> Exercise description: Only one stretch of the records below is wanted: the lines from the one holding "list \<Rightarrow> 'a" through the one holding "foldr (\<lambda>i f.". Return it exactly, both ends included.

> Records provided:
(* Let $\{S_1,\dots,S_N\}$ be an IFS of contracting similitudes of $\mathbb R^d$, ordered by $1\prec2\prec\cdots\prec N$. Then it is a linear IFS if and only if $S_{i+1}(\mathrm{Fix}(S_1))=S_i(\mathrm{Fix}(S_N))$ for all $i=1,\dots,N-1$, where $\mathrm{Fix}(S)$ denotes the unique fixed point of $S$.
   Context: Let $K$ be the invariant set of the IFS, i.e. the unique nonempty compact set with $K=\bigcup_{j=1}^N S_j(K)$. For a word $i_1\dots i_m\in\{1,\dots,N\}^m$ write $S_{i_1\dots i_m}=S_{i_1}\circ\cdots\circ S_{i_m}$. Order the words of length $m$ lexicographically (with $1\prec\cdots\prec N$); two words of length $m$ are adjacent if they are consecutive in this order. The ordered IFS is a linear IFS if $S_\omega(K)\cap S_\gamma(K)\neq\emptyset$ for every $m\ge1$ and every pair of adjacent words $\omega,\gamma$ of length $m$. *)

theory Defs
  imports "HOL-Analysis.Analysis"
begin

definition contracting_similitude :: "('a::metric_space \<Rightarrow> 'a) \<Rightarrow> bool" where
  "contracting_similitude f \<longleftrightarrow>
     (\<exists>r. 0 < r \<and> r < 1 \<and> (\<forall>x y. dist (f x) (f y) = r * dist x y))"

definition fixpt :: "('a \<Rightarrow> 'a) \<Rightarrow> 'a" where
  "fixpt f = (THE x. f x = x)"

definition words :: "nat \<Rightarrow> nat \<Rightarrow> nat list set" where
  "words N m = {w. length w = m \<and> set w \<subseteq> {1..N}}"

definition word_map :: "(nat \<Rightarrow> 'a \<Rightarrow> 'a) \<Rightarrow> nat list \<Rightarrow> 'a \<Rightarrow> 'a" where
  "word_map S w = foldr (\<lambda>i f. S i \<circ> f) w id"

definition adjacent_words :: "nat \<Rightarrow> nat \<Rightarrow> nat list \<Rightarrow> nat list \<Rightarrow> bool" where
  "adjacent_words N m \<omega> \<gamma> \<longleftrightarrow>
     \<omega> \<in> words N m \<and> \<gamma> \<in> words N m \<and> (\<omega>, \<gamma>) \<in> lex less_than \<and>
     \<not> (\<exists>\<delta>\<in>words N m. (\<omega>, \<delta>) \<in> lex less_than \<and> (\<delta>, \<gamma>) \<in> lex less_than)"

text \<open>Linear IFS, relative to its invariant set K.\<close>
definition linear_ifs :: "(nat \<Rightarrow> 'a \<Rightarrow> 'a) \<Rightarrow> nat \<Rightarrow> 'a set \<Rightarrow> bool" where
  "linear_ifs S N K \<longleftrightarrow>
     (\<forall>m\<ge>1. \<forall>\<omega> \<gamma>. adjacent_words N m \<omega> \<gamma> \<longrightarrow>
        word_map S \<omega> ` K \<inter> word_map S \<gamma> ` K \<noteq> {})"

end

theory Submission
  imports Defs
begin

text \<open>
  Two words of length m are adjacent exactly when they have the form u a N^k and u (a+1) 1^k.
  Since Fix S_1 and Fix S_N lie in K and are fixed by S_1^k and S_N^k, the condition
  S_{a+1}(Fix S_1) = S_a(Fix S_N) makes S_u S_a S_N^k (Fix S_N) = S_u S_{a+1} S_1^k (Fix S_1) a common
  point of the two cylinders. Conversely, S_N^k(K) and S_1^k(K) shrink to Fix S_N and Fix S_1, so if
  the cylinders S_a S_N^k(K) and S_{a+1} S_1^k(K) meet for every k, then S_a(Fix S_N) and
  S_{a+1}(Fix S_1) are arbitrarily close.
\<close>

lemma word_map_Nil [simp]: "word_map S [] = id"
  by (simp add: word_map_def)

lemma word_map_Cons [simp]: "word_map S (a # w) = S a \<circ> word_map S w"
  by (simp add: word_map_def)

lemma word_map_append: "word_map S (u @ v) = word_map S u \<circ> word_map S v"
  by (induct u) auto

lemma word_map_replicate [simp]: "word_map S (replicate k j) = S j ^^ k"
  by (induct k) auto

lemma funpow_fixed_point: "f p = p \<Longrightarrow> (f ^^ k) p = p"
  by (induct k) auto

lemma replicate_max_not_lex:
  "set v \<subseteq> {1..N} \<Longrightarrow> (replicate k N, v) \<notin> lex less_than"
proof (induct v arbitrary: k)
  case (Cons a v)
  then show ?case by (cases k) auto
qed simp

lemma replicate_min_not_lex:
  "set v \<subseteq> {1..N} \<Longrightarrow> (v, replicate k 1) \<notin> lex less_than"
proof (induct v arbitrary: k)
  case (Cons a v)
  then show ?case by (cases k) auto
qed simp

lemma lex_replicate_max:
  "set v \<subseteq> {1..N} \<Longrightarrow> v \<noteq> replicate (length v) N \<Longrightarrow> (v, replicate (length v) N) \<in> lex less_than"
  by (induct v) auto

lemma lex_replicate_min:
  "set v \<subseteq> {1..N} \<Longrightarrow> v \<noteq> replicate (length v) 1 \<Longrightarrow> (replicate (length v) 1, v) \<in> lex less_than"
  by (induct v) (auto simp: Suc_le_eq)

lemma no_word_between_adjacent:
  assumes "set \<delta> \<subseteq> {1..N}"
    and "(u @ a # replicate k N, \<delta>) \<in> lex less_than"
    and "(\<delta>, u @ (a + 1) # replicate k 1) \<in> lex less_than"
  shows False
  using assms
proof (induct u arbitrary: \<delta>)
  case Nil
  then obtain d t where "\<delta> = d # t" "set t \<subseteq> {1..N}"
    by (cases \<delta>) auto
  then show ?case
    using Nil replicate_max_not_lex[of t N k] replicate_min_not_lex[of t N k] by auto
next
  case (Cons c u)
  then obtain d t where "\<delta> = d # t" "set t \<subseteq> {1..N}"
    by (cases \<delta>) auto
  then show ?case
    using Cons by auto
qed

lemma adjacent_words_iff:
  "adjacent_words N m \<omega> \<gamma> \<longleftrightarrow>
    (\<exists>u a k. set u \<subseteq> {1..N} \<and> a \<in> {1..N-1} \<and> m = length u + Suc k \<and>
       \<omega> = u @ a # replicate k N \<and> \<gamma> = u @ (a + 1) # replicate k 1)"
  (is "_ \<longleftrightarrow> ?shape")
proof
  assume "adjacent_words N m \<omega> \<gamma>"
  then have \<omega>: "\<omega> \<in> words N m" and \<gamma>: "\<gamma> \<in> words N m" and lex: "(\<omega>, \<gamma>) \<in> lex less_than"
    and between: "\<And>\<delta>. \<delta> \<in> words N m \<Longrightarrow> (\<omega>, \<delta>) \<in> lex less_than \<Longrightarrow> (\<delta>, \<gamma>) \<notin> lex less_than"
    unfolding adjacent_words_def by blast+
  obtain u a b v w where dec: "\<omega> = u @ a # v" "\<gamma> = u @ b # w" "a < b"
    using lex unfolding lex_conv by auto
  define k where "k = length v"
  have "length w = k"
    using \<omega> \<gamma> dec unfolding words_def k_def by simp
  have letters: "set u \<subseteq> {1..N}" "a \<in> {1..N}" "b \<in> {1..N}" "set v \<subseteq> {1..N}" "set w \<subseteq> {1..N}"
    using \<omega> \<gamma> dec unfolding words_def by auto
  text \<open>Otherwise a word strictly between \<open>\<omega>\<close> and \<open>\<gamma>\<close> is obtained by changing \<open>v\<close>, \<open>w\<close> or \<open>b\<close>.\<close>
  have "v = replicate k N"
  proof (rule ccontr)
    assume "v \<noteq> replicate k N"
    then have "(\<omega>, u @ a # replicate k N) \<in> lex less_than"
      using lex_replicate_max[of v N] letters unfolding dec k_def by (simp add: lex_append_leftI)
    moreover have "(u @ a # replicate k N, \<gamma>) \<in> lex less_than"
      using dec \<open>length w = k\<close> by (simp add: lex_append_leftI)
    moreover have "u @ a # replicate k N \<in> words N m"
      using \<omega> letters unfolding words_def dec k_def by auto
    ultimately show False
      using between by blast
  qed
  moreover have "w = replicate k 1"
  proof (rule ccontr)
    assume "w \<noteq> replicate k 1"
    then have "(u @ b # replicate k 1, \<gamma>) \<in> lex less_than"
      using lex_replicate_min[of w N] letters \<open>length w = k\<close> unfolding dec
      by (simp add: lex_append_leftI)
    moreover have "(\<omega>, u @ b # replicate k 1) \<in> lex less_than"
      using dec k_def by (simp add: lex_append_leftI)
    moreover have "u @ b # replicate k 1 \<in> words N m"
      using \<gamma> letters \<open>length w = k\<close> unfolding words_def dec by auto
    ultimately show False
      using between by blast
  qed
  moreover have "b = a + 1"
  proof (rule ccontr)
    assume "b \<noteq> a + 1"
    then have "(\<omega>, u @ (a + 1) # v) \<in> lex less_than" "(u @ (a + 1) # v, \<gamma>) \<in> lex less_than"
      using dec \<open>length w = k\<close> k_def by (simp_all add: lex_append_leftI)
    moreover have "u @ (a + 1) # v \<in> words N m"
      using \<omega> letters dec \<open>b \<noteq> a + 1\<close> unfolding words_def by auto
    ultimately show False
      using between by blast
  qed
  moreover have "m = length u + Suc k"
    using \<omega> dec unfolding words_def k_def by simp
  ultimately show ?shape
    using dec letters by (intro exI[of _ u] exI[of _ a] exI[of _ k]) auto
next
  assume ?shape
  then obtain u a k where "set u \<subseteq> {1..N}" "a \<in> {1..N-1}" "m = length u + Suc k"
    "\<omega> = u @ a # replicate k N" "\<gamma> = u @ (a + 1) # replicate k 1"
    by blast
  then show "adjacent_words N m \<omega> \<gamma>"
    unfolding adjacent_words_def words_def
    using no_word_between_adjacent[of _ N u a k] by (auto simp: lex_append_leftI)
qed

lemma contracting_similitudeE:
  assumes "contracting_similitude f"
  obtains r where "0 < r" "r < 1" "\<And>x y. dist (f x) (f y) = r * dist x y"
  using assms unfolding contracting_similitude_def by blast

lemma contracting_similitude_dist_le:
  "contracting_similitude f \<Longrightarrow> dist (f x) (f y) \<le> dist x y"
  by (erule contracting_similitudeE) (simp add: mult_left_le_one_le)

lemma dist_funpow_similitude:
  fixes f :: "'a::metric_space \<Rightarrow> 'a"
  assumes "\<And>x y. dist (f x) (f y) = r * dist x y"
  shows "dist ((f ^^ k) x) ((f ^^ k) y) = r ^ k * dist x y"
  using assms by (induct k) auto

lemma contracting_similitude_fixpt:
  fixes f :: "'a::metric_space \<Rightarrow> 'a"
  assumes "contracting_similitude f" "complete K" "K \<noteq> {}" "f ` K \<subseteq> K"
  shows "f (fixpt f) = fixpt f" "fixpt f \<in> K"
proof -
  obtain r where r: "0 < r" "r < 1" "\<And>x y. dist (f x) (f y) = r * dist x y"
    using assms(1) by (rule contracting_similitudeE) auto
  have "\<exists>!p\<in>K. f p = p"
    by (rule Banach_fix[OF assms(2,3) _ r(2) assms(4)]) (use r in auto)
  then obtain p where p: "p \<in> K" "f p = p"
    by blast
  have "q = p" if "f q = q" for q
  proof -
    have "dist q p = r * dist q p"
      using r(3)[of q p] that p(2) by simp
    then show ?thesis
      using r(2) by (simp add: mult_le_cancel_right1)
  qed
  then have "fixpt f = p"
    unfolding fixpt_def using p(2) by blast
  then show "f (fixpt f) = fixpt f" "fixpt f \<in> K"
    using p by simp_all
qed

lemma contracting_similitude_funpow_uniformly_close:
  fixes f :: "'a::metric_space \<Rightarrow> 'a"
  assumes "contracting_similitude f" "f p = p" "bounded K" "0 < \<epsilon>"
  shows "\<forall>\<^sub>F k in sequentially. \<forall>x\<in>K. dist ((f ^^ k) x) p < \<epsilon>"
proof -
  obtain r where r: "0 < r" "r < 1" "\<And>x y. dist (f x) (f y) = r * dist x y"
    using assms(1) by (rule contracting_similitudeE) auto
  obtain D where D: "\<And>x. x \<in> K \<Longrightarrow> dist x p \<le> D"
    using bounded_any_center[of K p] assms(3) by (auto simp: dist_commute)
  have "(\<lambda>k. r ^ k * D) \<longlonglongrightarrow> 0"
    using r by (intro tendsto_mult_left_zero LIMSEQ_power_zero) simp
  then have "\<forall>\<^sub>F k in sequentially. r ^ k * D < \<epsilon>"
    using assms(4) by (rule order_tendstoD)
  then show ?thesis
  proof eventually_elim
    case (elim k)
    have "dist ((f ^^ k) x) p \<le> r ^ k * D" if "x \<in> K" for x
    proof -
      have "dist ((f ^^ k) x) p = r ^ k * dist x p"
        using dist_funpow_similitude[of f r k x p, OF r(3)] funpow_fixed_point[of f p k] assms(2) by simp
      also have "\<dots> \<le> r ^ k * D"
        using D[OF that] r(1) by (simp add: mult_left_mono)
      finally show ?thesis .
    qed
    then show ?case
      using elim by (meson le_less_trans)
  qed
qed

lemma linear_ifs_if_fixpt_condition:
  assumes "\<forall>i\<in>{1..N-1}. S (i + 1) p = S i q" "S 1 p = p" "S N q = q" "p \<in> K" "q \<in> K"
  shows "linear_ifs S N K"
  unfolding linear_ifs_def
proof (intro allI impI)
  fix m \<omega> \<gamma>
  assume "adjacent_words N m \<omega> \<gamma>"
  then obtain u a k where "a \<in> {1..N-1}" "\<omega> = u @ a # replicate k N" "\<gamma> = u @ (a + 1) # replicate k 1"
    by (auto simp: adjacent_words_iff)
  then have "word_map S \<omega> q = word_map S \<gamma> p"
    using assms(1-3) by (simp add: word_map_append funpow_fixed_point)
  then show "word_map S \<omega> ` K \<inter> word_map S \<gamma> ` K \<noteq> {}"
    using assms(4,5) by blast
qed

lemma fixpt_condition_if_linear_ifs:
  fixes S :: "nat \<Rightarrow> 'a::metric_space \<Rightarrow> 'a"
  assumes linear: "linear_ifs S N K"
    and similitudes: "\<forall>j\<in>{1..N}. contracting_similitude (S j)"
    and "bounded K" "S 1 p = p" "S N q = q"
    and i: "i \<in> {1..N-1}"
  shows "S (i + 1) p = S i q"
proof (rule ccontr)
  define e where "e = dist (S (i + 1) p) (S i q)"
  assume "S (i + 1) p \<noteq> S i q"
  then have "0 < e"
    unfolding e_def by simp
  have "\<forall>\<^sub>F k in sequentially. (\<forall>x\<in>K. dist ((S N ^^ k) x) q < e / 2) \<and> (\<forall>y\<in>K. dist ((S 1 ^^ k) y) p < e / 2)"
    using assms(3-5) i similitudes \<open>0 < e\<close>
    by (intro eventually_conj contracting_similitude_funpow_uniformly_close) auto
  then obtain k where
    close_N: "\<forall>x\<in>K. dist ((S N ^^ k) x) q < e / 2" and
    close_1: "\<forall>y\<in>K. dist ((S 1 ^^ k) y) p < e / 2"
    unfolding eventually_sequentially by blast
  have "adjacent_words N (Suc k) (i # replicate k N) ((i + 1) # replicate k 1)"
    unfolding adjacent_words_iff using i by (intro exI[of _ "[]"] exI[of _ i] exI[of _ k]) auto
  then obtain x y where "x \<in> K" "y \<in> K" and meet: "S i ((S N ^^ k) x) = S (i + 1) ((S 1 ^^ k) y)"
    using linear unfolding linear_ifs_def by fastforce
  have "e \<le> dist (S (i + 1) ((S 1 ^^ k) y)) (S (i + 1) p) + dist (S i ((S N ^^ k) x)) (S i q)"
    unfolding e_def meet by (rule dist_triangle3)
  also have "\<dots> \<le> dist ((S 1 ^^ k) y) p + dist ((S N ^^ k) x) q"
    using i similitudes by (intro add_mono contracting_similitude_dist_le) auto
  also have "\<dots> < e"
    using close_1 close_N \<open>x \<in> K\<close> \<open>y \<in> K\<close> by fastforce
  finally show False
    by simp
qed

theorem corollary4p2:
  fixes S :: "nat \<Rightarrow> 'a::euclidean_space \<Rightarrow> 'a" and N :: nat and K :: "'a set"
  assumes "N \<ge> 1"
    and "\<forall>j\<in>{1..N}. contracting_similitude (S j)"
    and "compact K" and "K \<noteq> {}" and "K = (\<Union>j\<in>{1..N}. S j ` K)"
  shows "linear_ifs S N K \<longleftrightarrow>
         (\<forall>i\<in>{1..N-1}. S (i+1) (fixpt (S 1)) = S i (fixpt (S N)))"
proof -
  have "S j (fixpt (S j)) = fixpt (S j) \<and> fixpt (S j) \<in> K" if "j \<in> {1..N}" for j
    using contracting_similitude_fixpt[OF _ compact_imp_complete[OF assms(3)] assms(4)]
      assms(2,5) that by blast
  then have "S 1 (fixpt (S 1)) = fixpt (S 1)" "fixpt (S 1) \<in> K"
    and "S N (fixpt (S N)) = fixpt (S N)" "fixpt (S N) \<in> K"
    using assms(1) by auto
  then show ?thesis
    using fixpt_condition_if_linear_ifs[OF _ assms(2) compact_imp_bounded[OF assms(3)]]
      linear_ifs_if_fixpt_condition[of N S]
    by blast
qed

end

> The completed task:
definition word_map :: "(nat \<Rightarrow> 'a \<Rightarrow> 'a) \<Rightarrow> nat list \<Rightarrow> 'a \<Rightarrow> 'a" where
  "word_map S w = foldr (\<lambda>i f. S i \<circ> f) w id"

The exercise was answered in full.